TASK ITEM |
Below are the records; give again exactly the line with "x) \<in> borel_measurable", the line with "summed over \<open>t\<close>, the", and each line that lies between them, and nothing besides.

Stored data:
◆ ◆ ◆ ◆ ◆

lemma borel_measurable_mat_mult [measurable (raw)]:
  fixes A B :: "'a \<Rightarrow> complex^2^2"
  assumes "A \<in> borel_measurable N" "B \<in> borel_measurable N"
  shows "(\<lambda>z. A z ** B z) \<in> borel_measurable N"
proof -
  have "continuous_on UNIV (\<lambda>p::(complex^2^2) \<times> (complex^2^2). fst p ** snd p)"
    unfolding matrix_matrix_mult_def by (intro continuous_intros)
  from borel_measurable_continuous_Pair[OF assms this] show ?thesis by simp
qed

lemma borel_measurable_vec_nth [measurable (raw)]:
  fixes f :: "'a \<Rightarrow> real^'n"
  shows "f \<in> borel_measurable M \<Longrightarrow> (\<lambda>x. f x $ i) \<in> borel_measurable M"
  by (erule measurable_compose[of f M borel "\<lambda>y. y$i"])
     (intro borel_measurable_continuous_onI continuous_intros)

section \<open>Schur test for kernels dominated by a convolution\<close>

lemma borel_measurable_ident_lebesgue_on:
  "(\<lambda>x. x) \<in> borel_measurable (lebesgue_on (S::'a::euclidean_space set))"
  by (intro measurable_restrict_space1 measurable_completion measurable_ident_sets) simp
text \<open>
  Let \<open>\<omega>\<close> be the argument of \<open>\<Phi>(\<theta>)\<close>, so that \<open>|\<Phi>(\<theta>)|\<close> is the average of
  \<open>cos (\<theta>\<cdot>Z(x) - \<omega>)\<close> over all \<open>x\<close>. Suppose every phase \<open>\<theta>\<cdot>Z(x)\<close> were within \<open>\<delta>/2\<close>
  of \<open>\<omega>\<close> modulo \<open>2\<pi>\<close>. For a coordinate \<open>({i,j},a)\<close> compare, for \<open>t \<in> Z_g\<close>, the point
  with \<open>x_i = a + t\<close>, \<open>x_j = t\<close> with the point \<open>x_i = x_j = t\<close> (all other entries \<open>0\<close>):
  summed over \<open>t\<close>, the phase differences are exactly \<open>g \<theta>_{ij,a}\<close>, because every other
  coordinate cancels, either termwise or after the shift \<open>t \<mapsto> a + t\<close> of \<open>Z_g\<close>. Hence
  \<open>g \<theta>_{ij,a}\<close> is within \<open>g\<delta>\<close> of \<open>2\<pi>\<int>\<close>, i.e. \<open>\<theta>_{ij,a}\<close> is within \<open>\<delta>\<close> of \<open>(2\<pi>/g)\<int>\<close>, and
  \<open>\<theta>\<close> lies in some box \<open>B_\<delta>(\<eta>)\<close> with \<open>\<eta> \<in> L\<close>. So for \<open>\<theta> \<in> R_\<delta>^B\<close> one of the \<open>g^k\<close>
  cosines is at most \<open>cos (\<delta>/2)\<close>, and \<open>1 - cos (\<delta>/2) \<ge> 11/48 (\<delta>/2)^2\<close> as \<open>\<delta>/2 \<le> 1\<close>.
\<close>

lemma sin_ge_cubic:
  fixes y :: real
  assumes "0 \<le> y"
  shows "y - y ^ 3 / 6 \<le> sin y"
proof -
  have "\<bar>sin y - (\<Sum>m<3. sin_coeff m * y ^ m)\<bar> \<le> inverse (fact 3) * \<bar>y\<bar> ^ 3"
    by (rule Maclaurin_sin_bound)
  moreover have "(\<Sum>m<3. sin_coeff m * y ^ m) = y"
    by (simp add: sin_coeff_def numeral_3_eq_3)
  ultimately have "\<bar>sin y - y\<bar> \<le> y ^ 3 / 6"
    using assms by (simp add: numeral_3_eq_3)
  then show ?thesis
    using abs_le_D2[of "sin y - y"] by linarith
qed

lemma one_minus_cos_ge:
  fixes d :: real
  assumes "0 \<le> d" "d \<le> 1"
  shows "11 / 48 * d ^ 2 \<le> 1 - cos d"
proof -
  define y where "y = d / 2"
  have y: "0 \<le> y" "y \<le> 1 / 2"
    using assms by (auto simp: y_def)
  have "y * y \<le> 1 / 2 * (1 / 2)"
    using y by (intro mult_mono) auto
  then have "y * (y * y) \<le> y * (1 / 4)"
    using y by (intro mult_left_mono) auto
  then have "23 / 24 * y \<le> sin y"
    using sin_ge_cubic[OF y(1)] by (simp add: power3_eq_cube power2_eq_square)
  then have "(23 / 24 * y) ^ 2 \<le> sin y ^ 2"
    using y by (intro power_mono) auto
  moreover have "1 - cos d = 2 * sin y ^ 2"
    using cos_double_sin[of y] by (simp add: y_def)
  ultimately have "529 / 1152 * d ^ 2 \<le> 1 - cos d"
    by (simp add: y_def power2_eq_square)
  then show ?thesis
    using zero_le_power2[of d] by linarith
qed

◆ ◆ ◆ ◆ ◆

SOLUTION TO THE EXERCISE |
  "(\<lambda>x. x) \<in> borel_measurable (lebesgue_on (S::'a::euclidean_space set))"
  by (intro measurable_restrict_space1 measurable_completion measurable_ident_sets) simp
text \<open>
  Let \<open>\<omega>\<close> be the argument of \<open>\<Phi>(\<theta>)\<close>, so that \<open>|\<Phi>(\<theta>)|\<close> is the average of
  \<open>cos (\<theta>\<cdot>Z(x) - \<omega>)\<close> over all \<open>x\<close>. Suppose every phase \<open>\<theta>\<cdot>Z(x)\<close> were within \<open>\<delta>/2\<close>
  of \<open>\<omega>\<close> modulo \<open>2\<pi>\<close>. For a coordinate \<open>({i,j},a)\<close> compare, for \<open>t \<in> Z_g\<close>, the point
  with \<open>x_i = a + t\<close>, \<open>x_j = t\<close> with the point \<open>x_i = x_j = t\<close> (all other entries \<open>0\<close>):
  summed over \<open>t\<close>, the phase differences are exactly \<open>g \<theta>_{ij,a}\<close>, because every other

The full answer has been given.